text \<open>
  Write \<open>a\<^sub>w\<close> through the transition counts \<open>x\<^sub>i\<^sub>j\<close> of \<open>w\<close>. For a word of
  length \<open>6k+3\<close> these satisfy the length equation \<open>\<Sum> x\<^sub>i\<^sub>j = 6k+2\<close>, flow
  conservation at every letter, and, since at most two consecutive transitions avoid
  \<open>{12, 31, 32}\<close>, the bound \<open>x\<^sub>1\<^sub>2 + x\<^sub>3\<^sub>1 + x\<^sub>3\<^sub>2 \<ge> 2k + [w ends in 1]\<close>.
  Eliminating \<open>x\<^sub>1\<^sub>3, x\<^sub>2\<^sub>1, x\<^sub>2\<^sub>3\<close> turns \<open>c \<bullet> a\<^sub>w\<close> into
  \<open>(3k+1)(x\<^sub>1\<^sub>2 + x\<^sub>3\<^sub>1 + x\<^sub>3\<^sub>2 + [w starts with 1] - [w ends in 1] - 2k) \<ge> 0\<close>.

  With \<open>R = (321)\<^sup>2\<^sup>k\<close>, the words \<open>321R, 212R, 231R, 232R, 21R3\<close> lie on the face and
  have affinely independent count vectors, \<open>121R\<close> lies off it, and \<open>P\<^sup>T\<close> is contained
  in the hyperplane \<open>\<Sum> x\<^sub>i\<^sub>j = T - 1\<close>; so the face has dimension \<open>4 = dim P\<^sup>T - 1\<close>.
  For general \<open>\<sigma>\<close>, relabelling the letters induces a linear isometry of \<open>\<real>\<^sup>6\<close> that
  preserves \<open>P\<^sup>T\<close> and carries the face of \<open>c\<close> onto the face of \<open>\<sigma>c\<close>.
\<close>

section \<open>Facets of convex hulls\<close>

lemma facet_of_convex_hull_supporting_hyperplane:
  fixes S :: "'a::euclidean_space set"
  assumes nonneg: "\<And>x. x \<in> S \<Longrightarrow> c \<bullet> x \<ge> 0"
    and A: "A \<subseteq> S" "A \<noteq> {}" "\<And>x. x \<in> A \<Longrightarrow> c \<bullet> x = 0"
    and y: "y \<in> S" "c \<bullet> y \<noteq> 0"
    and dim: "aff_dim (convex hull S) \<le> aff_dim A + 1"
  shows "{x \<in> convex hull S. c \<bullet> x = 0} facet_of convex hull S"
proof -
  let ?F = "{x \<in> convex hull S. c \<bullet> x = 0}"
  have "convex hull S \<subseteq> {x. c \<bullet> x \<ge> 0}"
    using nonneg by (intro hull_minimal) (auto simp: convex_halfspace_ge)
  then have face: "?F face_of convex hull S"
    using face_of_Int_supporting_hyperplane_ge[where S = "convex hull S" and a = c and b = 0]
    by (auto simp: Int_def conj_commute)
  have "A \<subseteq> ?F"
    using A hull_subset[of S convex] by auto
  then have "aff_dim A \<le> aff_dim ?F" and "?F \<noteq> {}"
    using A(2) by (auto simp: aff_dim_subset)
  moreover have "aff_dim ?F < aff_dim (convex hull S)"
    using face y hull_subset[of S convex] by (intro face_of_aff_dim_lt) auto
  ultimately show ?thesis
    using face dim by (simp add: facet_of_def)
qed

lemma aff_dim_insert_translate_independent:
  fixes p :: "'a::euclidean_space"
  assumes "independent D"
  shows "aff_dim (insert p ((+) p ` D)) = int (card D)"
proof -
  have "p \<in> affine hull insert p ((+) p ` D)"
    by (simp add: hull_inc)
  then have "aff_dim (insert p ((+) p ` D)) = int (dim ((+) (- p) ` insert p ((+) p ` D)))"
    by (rule aff_dim_eq_dim)
  also have "(+) (- p) ` insert p ((+) p ` D) = insert 0 D"
    by (auto simp: image_image)
  also have "dim (insert 0 D) = card D"
    using assms by (simp add: dim_insert dim_eq_card_independent span_zero)
  finally show ?thesis .
qed

section \<open>Coordinates of \<open>\<real>\<^sup>6\<close> indexed by pairs of distinct letters\<close>

lemma exhaust_6:
  fixes x :: 6
  shows "x = 1 \<or> x = 2 \<or> x = 3 \<or> x = 4 \<or> x = 5 \<or> x = 6"
proof (induct x)
  case (of_int z)
  then have "z = 0 \<or> z = 1 \<or> z = 2 \<or> z = 3 \<or> z = 4 \<or> z = 5" by fastforce
  then show ?case by auto
qed

lemma forall_6: "(\<forall>i::6. P i) \<longleftrightarrow> P 1 \<and> P 2 \<and> P 3 \<and> P 4 \<and> P 5 \<and> P 6"
  by (metis exhaust_6)

lemma sum_6: "sum g (UNIV::6 set) = g 1 + g 2 + g 3 + g 4 + g 5 + g 6"
proof -
  have UNIV_6: "UNIV = {1, 2, 3, 4, 5, 6::6}"
    using exhaust_6 by auto
  show ?thesis
    unfolding UNIV_6 by (simp add: ac_simps)
qed

lemma vector_6 [simp]:
  "(vector [a,b,c,d,e,f] :: 'a::zero ^ 6) $ 1 = a"
  "(vector [a,b,c,d,e,f] :: 'a::zero ^ 6) $ 2 = b"
  "(vector [a,b,c,d,e,f] :: 'a::zero ^ 6) $ 3 = c"
  "(vector [a,b,c,d,e,f] :: 'a::zero ^ 6) $ 4 = d"
  "(vector [a,b,c,d,e,f] :: 'a::zero ^ 6) $ 5 = e"
  "(vector [a,b,c,d,e,f] :: 'a::zero ^ 6) $ 6 = f"
  unfolding vector_def by simp_all

definition arcs :: "(nat \<times> nat) set" where
  "arcs = {(i, j). i \<in> {1,2,3} \<and> j \<in> {1,2,3} \<and> i \<noteq> j}"

lemma arcs_eq: "arcs = {(1,2), (1,3), (2,1), (2,3), (3,1), (3,2)}"
  by (auto simp: arcs_def)

lemma sum_arcs:
  "(\<Sum>(i, j)\<in>arcs. h i j) = h 1 2 + h 1 3 + h 2 1 + h 2 3 + h 3 1 + h 3 2"
  by (simp add: arcs_eq ac_simps)

lemma vec6_inner: "vec6 f \<bullet> vec6 g = (\<Sum>(i, j)\<in>arcs. f i j * g i j)"
  by (simp add: vec6_def inner_vec_def sum_6 sum_arcs)

lemma inner_vec6_vector:
  "vec6 f \<bullet> vector [a, b, c, d, e, g] = f 1 2 * a + f 1 3 * b + f 2 1 * c + f 2 3 * d + f 3 1 * e + f 3 2 * g"
  by (simp add: vec6_def inner_vec_def sum_6)

lemma vec6_cong: "(\<And>i j. (i, j) \<in> arcs \<Longrightarrow> f i j = g i j) \<Longrightarrow> vec6 f = vec6 g"
  by (simp add: vec6_def arcs_eq)

lemma vec6_add: "vec6 f + vec6 g = vec6 (\<lambda>i j. f i j + g i j)"
  by (simp add: vec6_def vec_eq_iff forall_6)

lemma vec6_scaleR: "r *\<^sub>R vec6 f = vec6 (\<lambda>i j. r * f i j)"
  by (simp add: vec6_def vec_eq_iff forall_6)

definition coord :: "real ^ 6 \<Rightarrow> nat \<Rightarrow> nat \<Rightarrow> real" where
  "coord x i j =
     (if (i,j) = (1,2) then x $ 1 else if (i,j) = (1,3) then x $ 2
      else if (i,j) = (2,1) then x $ 3 else if (i,j) = (2,3) then x $ 4
      else if (i,j) = (3,1) then x $ 5 else if (i,j) = (3,2) then x $ 6 else 0)"

lemma vec6_coord [simp]: "vec6 (coord x) = x"
  by (simp add: vec6_def coord_def vec_eq_iff forall_6)

lemma coord_vec6: "(i, j) \<in> arcs \<Longrightarrow> coord (vec6 f) i j = f i j"
  by (auto simp: coord_def vec6_def arcs_eq)

lemma coord_add: "coord (x + y) i j = coord x i j + coord y i j"
  by (simp add: coord_def)

lemma coord_scaleR: "coord (r *\<^sub>R x) i j = r * coord x i j"
  by (simp add: coord_def)

lemma permutes_arcs_iff:
  assumes "\<sigma> permutes {1,2,3}"
  shows "(\<sigma> i, \<sigma> j) \<in> arcs \<longleftrightarrow> (i, j) \<in> arcs"
  using permutes_in_image[OF assms] permutes_inj[OF assms]
  by (auto simp: arcs_def inj_eq simp del: insert_iff)

lemma sum_arcs_permute:
  assumes "\<sigma> permutes {1,2,3}"
  shows "(\<Sum>(i, j)\<in>arcs. h (\<sigma> i) (\<sigma> j)) = (\<Sum>(i, j)\<in>arcs. h i j)"
proof (rule sum.reindex_bij_witness[where i = "\<lambda>(i, j). (inv \<sigma> i, inv \<sigma> j)"
      and j = "\<lambda>(i, j). (\<sigma> i, \<sigma> j)"])
  have inv: "inv \<sigma> permutes {1,2,3}"
    using assms by (rule permutes_inv)
  show "(\<lambda>(i, j). (\<sigma> i, \<sigma> j)) p \<in> arcs" if "p \<in> arcs" for p
    using that permutes_arcs_iff[OF assms] by (auto split: prod.splits)
  show "(\<lambda>(i, j). (inv \<sigma> i, inv \<sigma> j)) p \<in> arcs" if "p \<in> arcs" for p
    using that permutes_arcs_iff[OF inv] by (auto split: prod.splits)
  show "(\<lambda>(i, j). (inv \<sigma> i, inv \<sigma> j)) ((\<lambda>(i, j). (\<sigma> i, \<sigma> j)) p) = p"
    and "(\<lambda>(i, j). (\<sigma> i, \<sigma> j)) ((\<lambda>(i, j). (inv \<sigma> i, inv \<sigma> j)) p) = p" for p
    using permutes_inverses[OF assms] by (auto split: prod.splits)
qed auto

lemma inner_act_act:
  assumes "\<sigma> permutes {1,2,3}"
  shows "act \<sigma> f \<bullet> act \<sigma> g = vec6 f \<bullet> vec6 g"
  unfolding act_def vec6_inner
  using sum_arcs_permute[OF assms, of "\<lambda>i j. f i j * g i j"] by simp

definition relabel :: "(nat \<Rightarrow> nat) \<Rightarrow> real ^ 6 \<Rightarrow> real ^ 6" where
  "relabel \<sigma> x = act \<sigma> (coord x)"

lemma linear_relabel: "linear (relabel \<sigma>)"
  by (rule linearI) (simp_all add: relabel_def act_def coord_add coord_scaleR vec6_add vec6_scaleR)

lemma inner_act_relabel:
  assumes "\<sigma> permutes {1,2,3}"
  shows "act \<sigma> c \<bullet> relabel \<sigma> x = vec6 c \<bullet> x"
  using inner_act_act[OF assms] by (simp add: relabel_def)

lemma inj_relabel:
  assumes "\<sigma> permutes {1,2,3}"
  shows "inj (relabel \<sigma>)"
proof -
  have "x = 0" if "relabel \<sigma> x = 0" for x
    using inner_act_relabel[OF assms, of "coord x" x] that by (simp add: relabel_def)
  then show ?thesis
    using linear_relabel linear_injective_0 by blast
qed

section \<open>Transition counts and the relabelling symmetry\<close>

fun count_pairs :: "nat \<Rightarrow> nat \<Rightarrow> nat list \<Rightarrow> nat" where
  "count_pairs i j (a # b # w) = of_bool (a = i \<and> b = j) + count_pairs i j (b # w)"
| "count_pairs i j _ = 0"

lemma xcount_eq_count_pairs: "xcount i j w = count_pairs i j w"
proof (induction i j w rule: count_pairs.induct)
  case (1 i j a b w)
  let ?A = "{l. Suc l < length (b # w) \<and> (b # w) ! l = i \<and> (b # w) ! Suc l = j}"
  have positions: "{l. Suc l < length (a # b # w) \<and> (a # b # w) ! l = i \<and> (a # b # w) ! Suc l = j}
      = (if a = i \<and> b = j then {0} else {}) \<union> Suc ` ?A"
  proof (rule set_eqI)
    fix l
    show "l \<in> {l. Suc l < length (a # b # w) \<and> (a # b # w) ! l = i \<and> (a # b # w) ! Suc l = j}
        \<longleftrightarrow> l \<in> (if a = i \<and> b = j then {0} else {}) \<union> Suc ` ?A"
      by (cases l) auto
  qed
  have "finite ?A"
    by (rule finite_subset[of _ "{..<length (b # w)}"]) auto
  then have "card ((if a = i \<and> b = j then {0} else {}) \<union> Suc ` ?A)
      = of_bool (a = i \<and> b = j) + card ?A"
    by (subst card_Un_disjoint) (auto simp: card_image)
  then show ?case
    using 1 unfolding xcount_def positions by simp
qed (simp_all add: xcount_def)

lemma Omega_iff: "w \<in> Omega T \<longleftrightarrow> length w = T \<and> set w \<subseteq> {1,2,3} \<and> distinct_adj w"
  by (auto simp: Omega_def distinct_adj_conv_nth)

..............................

> _Your task_
Scan the entries above for the word "induct". Report the lines that hold it.

> _Solution for this task_
proof (induct x)
proof (induction i j w rule: count_pairs.induct)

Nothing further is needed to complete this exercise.